Your objective: Could you reproduce every record below exactly as written?

Task inputs:
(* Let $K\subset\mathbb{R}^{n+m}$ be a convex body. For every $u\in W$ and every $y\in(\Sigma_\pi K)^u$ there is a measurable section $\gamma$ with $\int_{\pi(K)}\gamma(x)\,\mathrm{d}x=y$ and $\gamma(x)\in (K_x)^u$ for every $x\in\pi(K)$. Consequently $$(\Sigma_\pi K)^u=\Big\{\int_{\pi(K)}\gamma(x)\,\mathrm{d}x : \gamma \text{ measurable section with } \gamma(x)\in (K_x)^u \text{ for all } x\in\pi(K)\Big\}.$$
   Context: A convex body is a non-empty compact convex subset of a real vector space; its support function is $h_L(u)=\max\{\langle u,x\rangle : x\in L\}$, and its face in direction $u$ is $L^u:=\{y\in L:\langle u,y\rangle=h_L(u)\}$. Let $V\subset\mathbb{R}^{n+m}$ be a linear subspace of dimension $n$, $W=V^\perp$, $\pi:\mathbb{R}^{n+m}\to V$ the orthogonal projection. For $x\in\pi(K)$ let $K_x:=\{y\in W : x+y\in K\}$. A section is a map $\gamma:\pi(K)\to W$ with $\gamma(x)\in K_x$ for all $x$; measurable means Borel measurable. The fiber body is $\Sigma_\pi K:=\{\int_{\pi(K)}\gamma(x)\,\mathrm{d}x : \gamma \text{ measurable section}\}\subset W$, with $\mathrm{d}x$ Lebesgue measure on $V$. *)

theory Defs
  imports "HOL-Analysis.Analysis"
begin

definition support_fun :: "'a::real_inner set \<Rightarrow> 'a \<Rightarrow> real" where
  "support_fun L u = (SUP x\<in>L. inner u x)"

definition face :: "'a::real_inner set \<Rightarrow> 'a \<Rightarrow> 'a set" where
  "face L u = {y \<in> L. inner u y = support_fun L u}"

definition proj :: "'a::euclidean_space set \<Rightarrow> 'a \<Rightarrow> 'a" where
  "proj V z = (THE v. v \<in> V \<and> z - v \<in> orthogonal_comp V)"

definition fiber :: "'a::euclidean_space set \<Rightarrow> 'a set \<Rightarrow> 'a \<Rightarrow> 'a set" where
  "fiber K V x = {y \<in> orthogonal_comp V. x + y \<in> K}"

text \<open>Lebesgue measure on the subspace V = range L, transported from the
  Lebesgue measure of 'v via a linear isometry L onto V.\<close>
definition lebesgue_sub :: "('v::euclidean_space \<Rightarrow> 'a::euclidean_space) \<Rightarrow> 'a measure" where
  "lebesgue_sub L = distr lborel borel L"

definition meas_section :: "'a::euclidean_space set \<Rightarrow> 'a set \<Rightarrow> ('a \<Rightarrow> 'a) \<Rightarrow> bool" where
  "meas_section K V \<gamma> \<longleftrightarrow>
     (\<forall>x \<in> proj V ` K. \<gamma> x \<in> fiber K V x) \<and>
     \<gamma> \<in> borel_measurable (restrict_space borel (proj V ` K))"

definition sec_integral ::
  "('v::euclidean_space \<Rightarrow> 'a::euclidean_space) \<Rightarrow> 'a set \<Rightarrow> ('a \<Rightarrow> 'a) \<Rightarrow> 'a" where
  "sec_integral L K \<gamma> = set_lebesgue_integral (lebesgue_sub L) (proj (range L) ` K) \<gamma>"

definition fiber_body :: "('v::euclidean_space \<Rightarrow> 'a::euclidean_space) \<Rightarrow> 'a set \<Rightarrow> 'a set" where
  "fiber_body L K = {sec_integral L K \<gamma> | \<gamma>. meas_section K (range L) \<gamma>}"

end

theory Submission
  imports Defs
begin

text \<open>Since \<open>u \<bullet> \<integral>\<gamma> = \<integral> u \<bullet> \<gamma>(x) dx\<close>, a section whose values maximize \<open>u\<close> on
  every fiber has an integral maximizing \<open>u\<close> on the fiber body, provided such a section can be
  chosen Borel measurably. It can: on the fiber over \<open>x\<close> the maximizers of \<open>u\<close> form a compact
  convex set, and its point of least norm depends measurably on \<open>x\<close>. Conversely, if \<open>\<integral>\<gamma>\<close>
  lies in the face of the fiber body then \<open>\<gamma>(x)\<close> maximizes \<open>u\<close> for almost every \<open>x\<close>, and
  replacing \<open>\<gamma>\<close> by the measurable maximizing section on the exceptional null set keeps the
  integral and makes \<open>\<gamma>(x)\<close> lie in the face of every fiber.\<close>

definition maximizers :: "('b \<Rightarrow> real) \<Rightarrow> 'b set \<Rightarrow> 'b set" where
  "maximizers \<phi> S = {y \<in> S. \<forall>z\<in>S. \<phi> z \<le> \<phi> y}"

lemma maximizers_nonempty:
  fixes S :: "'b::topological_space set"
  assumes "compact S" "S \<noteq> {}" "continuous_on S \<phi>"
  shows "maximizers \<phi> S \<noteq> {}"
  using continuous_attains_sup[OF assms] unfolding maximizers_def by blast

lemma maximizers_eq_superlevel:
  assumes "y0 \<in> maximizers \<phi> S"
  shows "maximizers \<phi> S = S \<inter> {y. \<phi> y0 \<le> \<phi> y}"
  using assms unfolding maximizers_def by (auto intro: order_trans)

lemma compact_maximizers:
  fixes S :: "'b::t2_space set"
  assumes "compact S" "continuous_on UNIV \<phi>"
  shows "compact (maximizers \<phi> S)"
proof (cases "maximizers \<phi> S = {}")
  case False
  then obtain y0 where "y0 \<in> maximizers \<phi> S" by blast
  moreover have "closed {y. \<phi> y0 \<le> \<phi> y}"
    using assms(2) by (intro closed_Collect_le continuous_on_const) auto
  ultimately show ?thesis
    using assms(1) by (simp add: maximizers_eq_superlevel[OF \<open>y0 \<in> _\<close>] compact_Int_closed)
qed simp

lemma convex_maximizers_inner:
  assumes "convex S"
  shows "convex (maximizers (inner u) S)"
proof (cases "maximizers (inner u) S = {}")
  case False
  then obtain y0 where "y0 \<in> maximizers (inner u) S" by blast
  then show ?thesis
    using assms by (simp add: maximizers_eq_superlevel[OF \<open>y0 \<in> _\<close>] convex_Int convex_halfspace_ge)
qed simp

Result of the exercise:
(* Let $K\subset\mathbb{R}^{n+m}$ be a convex body. For every $u\in W$ and every $y\in(\Sigma_\pi K)^u$ there is a measurable section $\gamma$ with $\int_{\pi(K)}\gamma(x)\,\mathrm{d}x=y$ and $\gamma(x)\in (K_x)^u$ for every $x\in\pi(K)$. Consequently $$(\Sigma_\pi K)^u=\Big\{\int_{\pi(K)}\gamma(x)\,\mathrm{d}x : \gamma \text{ measurable section with } \gamma(x)\in (K_x)^u \text{ for all } x\in\pi(K)\Big\}.$$
   Context: A convex body is a non-empty compact convex subset of a real vector space; its support function is $h_L(u)=\max\{\langle u,x\rangle : x\in L\}$, and its face in direction $u$ is $L^u:=\{y\in L:\langle u,y\rangle=h_L(u)\}$. Let $V\subset\mathbb{R}^{n+m}$ be a linear subspace of dimension $n$, $W=V^\perp$, $\pi:\mathbb{R}^{n+m}\to V$ the orthogonal projection. For $x\in\pi(K)$ let $K_x:=\{y\in W : x+y\in K\}$. A section is a map $\gamma:\pi(K)\to W$ with $\gamma(x)\in K_x$ for all $x$; measurable means Borel measurable. The fiber body is $\Sigma_\pi K:=\{\int_{\pi(K)}\gamma(x)\,\mathrm{d}x : \gamma \text{ measurable section}\}\subset W$, with $\mathrm{d}x$ Lebesgue measure on $V$. *)

theory Defs
  imports "HOL-Analysis.Analysis"
begin

definition support_fun :: "'a::real_inner set \<Rightarrow> 'a \<Rightarrow> real" where
  "support_fun L u = (SUP x\<in>L. inner u x)"

definition face :: "'a::real_inner set \<Rightarrow> 'a \<Rightarrow> 'a set" where
  "face L u = {y \<in> L. inner u y = support_fun L u}"

definition proj :: "'a::euclidean_space set \<Rightarrow> 'a \<Rightarrow> 'a" where
  "proj V z = (THE v. v \<in> V \<and> z - v \<in> orthogonal_comp V)"

definition fiber :: "'a::euclidean_space set \<Rightarrow> 'a set \<Rightarrow> 'a \<Rightarrow> 'a set" where
  "fiber K V x = {y \<in> orthogonal_comp V. x + y \<in> K}"

text \<open>Lebesgue measure on the subspace V = range L, transported from the
  Lebesgue measure of 'v via a linear isometry L onto V.\<close>
definition lebesgue_sub :: "('v::euclidean_space \<Rightarrow> 'a::euclidean_space) \<Rightarrow> 'a measure" where
  "lebesgue_sub L = distr lborel borel L"

definition meas_section :: "'a::euclidean_space set \<Rightarrow> 'a set \<Rightarrow> ('a \<Rightarrow> 'a) \<Rightarrow> bool" where
  "meas_section K V \<gamma> \<longleftrightarrow>
     (\<forall>x \<in> proj V ` K. \<gamma> x \<in> fiber K V x) \<and>
     \<gamma> \<in> borel_measurable (restrict_space borel (proj V ` K))"

definition sec_integral ::
  "('v::euclidean_space \<Rightarrow> 'a::euclidean_space) \<Rightarrow> 'a set \<Rightarrow> ('a \<Rightarrow> 'a) \<Rightarrow> 'a" where
  "sec_integral L K \<gamma> = set_lebesgue_integral (lebesgue_sub L) (proj (range L) ` K) \<gamma>"

definition fiber_body :: "('v::euclidean_space \<Rightarrow> 'a::euclidean_space) \<Rightarrow> 'a set \<Rightarrow> 'a set" where
  "fiber_body L K = {sec_integral L K \<gamma> | \<gamma>. meas_section K (range L) \<gamma>}"

end

theory Submission
  imports Defs
begin

text \<open>Since \<open>u \<bullet> \<integral>\<gamma> = \<integral> u \<bullet> \<gamma>(x) dx\<close>, a section whose values maximize \<open>u\<close> on
  every fiber has an integral maximizing \<open>u\<close> on the fiber body, provided such a section can be
  chosen Borel measurably. It can: on the fiber over \<open>x\<close> the maximizers of \<open>u\<close> form a compact
  convex set, and its point of least norm depends measurably on \<open>x\<close>. Conversely, if \<open>\<integral>\<gamma>\<close>
  lies in the face of the fiber body then \<open>\<gamma>(x)\<close> maximizes \<open>u\<close> for almost every \<open>x\<close>, and
  replacing \<open>\<gamma>\<close> by the measurable maximizing section on the exceptional null set keeps the
  integral and makes \<open>\<gamma>(x)\<close> lie in the face of every fiber.\<close>

definition maximizers :: "('b \<Rightarrow> real) \<Rightarrow> 'b set \<Rightarrow> 'b set" where
  "maximizers \<phi> S = {y \<in> S. \<forall>z\<in>S. \<phi> z \<le> \<phi> y}"

lemma maximizers_nonempty:
  fixes S :: "'b::topological_space set"
  assumes "compact S" "S \<noteq> {}" "continuous_on S \<phi>"
  shows "maximizers \<phi> S \<noteq> {}"
  using continuous_attains_sup[OF assms] unfolding maximizers_def by blast

lemma maximizers_eq_superlevel:
  assumes "y0 \<in> maximizers \<phi> S"
  shows "maximizers \<phi> S = S \<inter> {y. \<phi> y0 \<le> \<phi> y}"
  using assms unfolding maximizers_def by (auto intro: order_trans)

lemma compact_maximizers:
  fixes S :: "'b::t2_space set"
  assumes "compact S" "continuous_on UNIV \<phi>"
  shows "compact (maximizers \<phi> S)"
proof (cases "maximizers \<phi> S = {}")
  case False
  then obtain y0 where "y0 \<in> maximizers \<phi> S" by blast
  moreover have "closed {y. \<phi> y0 \<le> \<phi> y}"
    using assms(2) by (intro closed_Collect_le continuous_on_const) auto
  ultimately show ?thesis
    using assms(1) by (simp add: maximizers_eq_superlevel[OF \<open>y0 \<in> _\<close>] compact_Int_closed)
qed simp

lemma convex_maximizers_inner:
  assumes "convex S"
  shows "convex (maximizers (inner u) S)"
proof (cases "maximizers (inner u) S = {}")
  case False
  then obtain y0 where "y0 \<in> maximizers (inner u) S" by blast
  then show ?thesis
    using assms by (simp add: maximizers_eq_superlevel[OF \<open>y0 \<in> _\<close>] convex_Int convex_halfspace_ge)
qed simp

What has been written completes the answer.